Many may react with surprise that a federal court could find that students’ wearing American flag T-shirts could be found “disruptive” and subject to censorship in a public school. That’s what happened last week in Dariano v. Morgan Hill Unified School District, a federal district court decision in California.
Three concepts explain how this could happen in a society that’s supposed to preserve and protect freedom of speech: (1) totality of the circumstances, (2) heckler’s veto and (3) deference to school officials.
“Totality of the circumstances” means school officials can look at nearly all factors in the school in deciding whether they can reasonably forecast a substantial disruption by student expression, in accordance with Tinker v. Des Moines Independent Community School District (1969). In Dariano, U.S. District Judge James Ware considered that the principal had seen many gang-related fights in the past six years and that there was a hostile exchange between students on Cinco de Mayo in 2009, a year before the T-shirt incident.
When a totality-of-the-circumstances approach is used in constitutional law, it usually means that the government will prevail and the individual asserting a constitutional claim will lose. It happens all the time in search-and-seizure cases under the Fourth Amendment.
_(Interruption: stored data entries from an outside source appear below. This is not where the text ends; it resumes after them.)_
(* Let $\mathfrak g$ be an almost abelian Lie algebra of real dimension $2n$ with a Hermitian structure $(J,g)$. Then there exists a unitary coframe $\varphi_1,\dots,\varphi_n$ of $(1,0)$-forms, a real number $\lambda$, a vector $v=(v_2,\dots,v_n)^t\in\mathbb C^{n-1}$ and a matrix $A=(A_{ij})_{2\le i,j\le n}\in M_{n-1}(\mathbb C)$ such that $$d\varphi_1=-\lambda\,\varphi_1\wedge\bar\varphi_1,\qquad d\varphi_i=-\bar v_i\,\varphi_1\wedge\bar\varphi_1+\sum_{j=2}^n\overline{A_{ij}}\,(\varphi_1+\bar\varphi_1)\wedge\varphi_j,\quad 2\le i\le n.$$
   Context: A Hermitian structure on a real Lie algebra $\mathfrak g$ is an integrable almost complex structure $J$ (i.e. $[x,y]-[Jx,Jy]+J[Jx,y]+J[x,Jy]=0$) together with a $J$-invariant inner product $g$. $\mathfrak g^{1,0}=\{x-\sqrt{-1}Jx\}$; $g$ is extended complex-bilinearly; a unitary coframe is the dual of a basis $e_1,\dots,e_n$ of $\mathfrak g^{1,0}$ with $g(e_i,\bar e_j)=\delta_{ij}$. $d$ is the Chevalley–Eilenberg differential ($d\alpha(x,y)=-\alpha([x,y])$). $\mathfrak g$ is almost abelian if it is non-abelian and contains an abelian ideal of codimension one. *)

theory Defs
  imports "HOL-Analysis.Analysis"
begin

definition lie_algebra :: "('a::euclidean_space \<Rightarrow> 'a \<Rightarrow> 'a) \<Rightarrow> bool" where
  "lie_algebra br \<longleftrightarrow> bilinear br \<and> (\<forall>x y. br x y = - br y x)
     \<and> (\<forall>x y z. br x (br y z) + br y (br z x) + br z (br x y) = 0)"

definition almost_abelian :: "('a::euclidean_space \<Rightarrow> 'a \<Rightarrow> 'a) \<Rightarrow> bool" where
  "almost_abelian br \<longleftrightarrow> (\<exists>x y. br x y \<noteq> 0) \<and>
     (\<exists>h. subspace h \<and> dim h + 1 = DIM('a) \<and> (\<forall>x y. x \<in> h \<longrightarrow> br x y \<in> h)
        \<and> (\<forall>x\<in>h. \<forall>y\<in>h. br x y = 0))"

text \<open>Hermitian structure: integrable almost complex structure J and J-invariant inner product g.\<close>
definition hermitian_structure ::
  "('a::euclidean_space \<Rightarrow> 'a \<Rightarrow> 'a) \<Rightarrow> ('a \<Rightarrow> 'a) \<Rightarrow> ('a \<Rightarrow> 'a \<Rightarrow> real) \<Rightarrow> bool" where
  "hermitian_structure br J g \<longleftrightarrow>
     linear J \<and> (\<forall>x. J (J x) = - x) \<and>
     (\<forall>x y. br x y - br (J x) (J y) + J (br (J x) y) + J (br x (J y)) = 0) \<and>
     bilinear g \<and> (\<forall>x y. g x y = g y x) \<and> (\<forall>x. x \<noteq> 0 \<longrightarrow> g x x > 0) \<and>
     (\<forall>x y. g (J x) (J y) = g x y)"

text \<open>Complexification: a pair (a,b) of real vectors stands for a + sqrt(-1) b.\<close>
definition cconj :: "'a::real_vector \<times> 'a \<Rightarrow> 'a \<times> 'a" where
  "cconj p = (fst p, - snd p)"

definition gC :: "('a \<Rightarrow> 'a \<Rightarrow> real) \<Rightarrow> 'a \<times> 'a \<Rightarrow> 'a \<times> 'a \<Rightarrow> complex" where
  "gC g p q = Complex (g (fst p) (fst q) - g (snd p) (snd q)) (g (fst p) (snd q) + g (snd p) (fst q))"

definition fC :: "('a \<Rightarrow> complex) \<Rightarrow> 'a \<times> 'a \<Rightarrow> complex" where
  "fC \<phi> p = \<phi> (fst p) + \<i> * \<phi> (snd p)"

definition e10 :: "('a::real_vector \<Rightarrow> 'a) \<Rightarrow> 'a \<Rightarrow> 'a \<times> 'a" where
  "e10 J x = (x, - J x)"

text \<open>phi_1..phi_n is a unitary coframe of (1,0)-forms: it is the dual coframe of a basis
  e_1..e_n of g^{1,0} (e_j = x_j - sqrt(-1) J x_j) with g(e_i, conj e_j) = delta_ij.
  A complex 1-form is a real-linear map 'a \<Rightarrow> complex (complex-linearly extended).\<close>
definition unitary_coframe ::
  "('a::euclidean_space \<Rightarrow> 'a) \<Rightarrow> ('a \<Rightarrow> 'a \<Rightarrow> real) \<Rightarrow> nat \<Rightarrow> (nat \<Rightarrow> 'a \<Rightarrow> complex) \<Rightarrow> bool" where
  "unitary_coframe J g n \<phi> \<longleftrightarrow>
     (\<forall>i\<in>{1..n}. linear (\<phi> i)) \<and>
     (\<exists>X :: nat \<Rightarrow> 'a. \<forall>i\<in>{1..n}. \<forall>j\<in>{1..n}.
        gC g (e10 J (X i)) (cconj (e10 J (X j))) = (if i = j then 1 else 0) \<and>
        fC (\<phi> i) (e10 J (X j)) = (if i = j then 1 else 0) \<and>
        fC (\<phi> i) (cconj (e10 J (X j))) = 0)"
“Heckler’s veto” is a more controversial concept in free-speech law. It refers to the phenomenon that a hostile audience, upset at a speaker’s expression, can create an unpleasant enough situation to impose censorship — a veto of sorts. When a court examines whether speech may cause a substantial disruption, it often looks not to the speaker but to the listeners. Thus the heckler’s-veto syndrome means rowdy listeners have a perverse incentive to create a disruption to silence a speaker.
In considering whether there is a reasonable forecast of substantial disruption under Tinker, many school officials ignore whether the disruption or likely disruption was caused by the speakers or their opponents. Many courts simply apply the Tinker test broadly without considering whether they are allowing listeners’ hostile reactions to speech control and limit a speaker’s message. A more appropriate response by school officials would be to punish those who create disruptions, rather than the speaker — in this case, the wearers of American-flag shirts.
“Deference to school officials” is a reality in school-law cases. Judge Ware wrote that decisions in other circuits “have demonstrated broad deference to the decisions of school administrators with regard to student safety.” School officials have a difficult job in maintaining a safe learning environment and protecting constitutional rights. They deserve some deference – but not unyielding, all-encompassing deference.
In 1943, Justice Robert Jackson wrote in West Virginia Board of Education v. Barnette: “That they are educating the young for citizenship is reason for scrupulous protection of Constitutional freedoms of the individual, if we are not to strangle the free mind at its source and teach youth to discount important principles of our government as mere platitudes.”
When courts sanction a broad “totality of the circumstances” approach, endorse the heckler’s veto and show overwhelming deference to school officials, the net result will be censorship.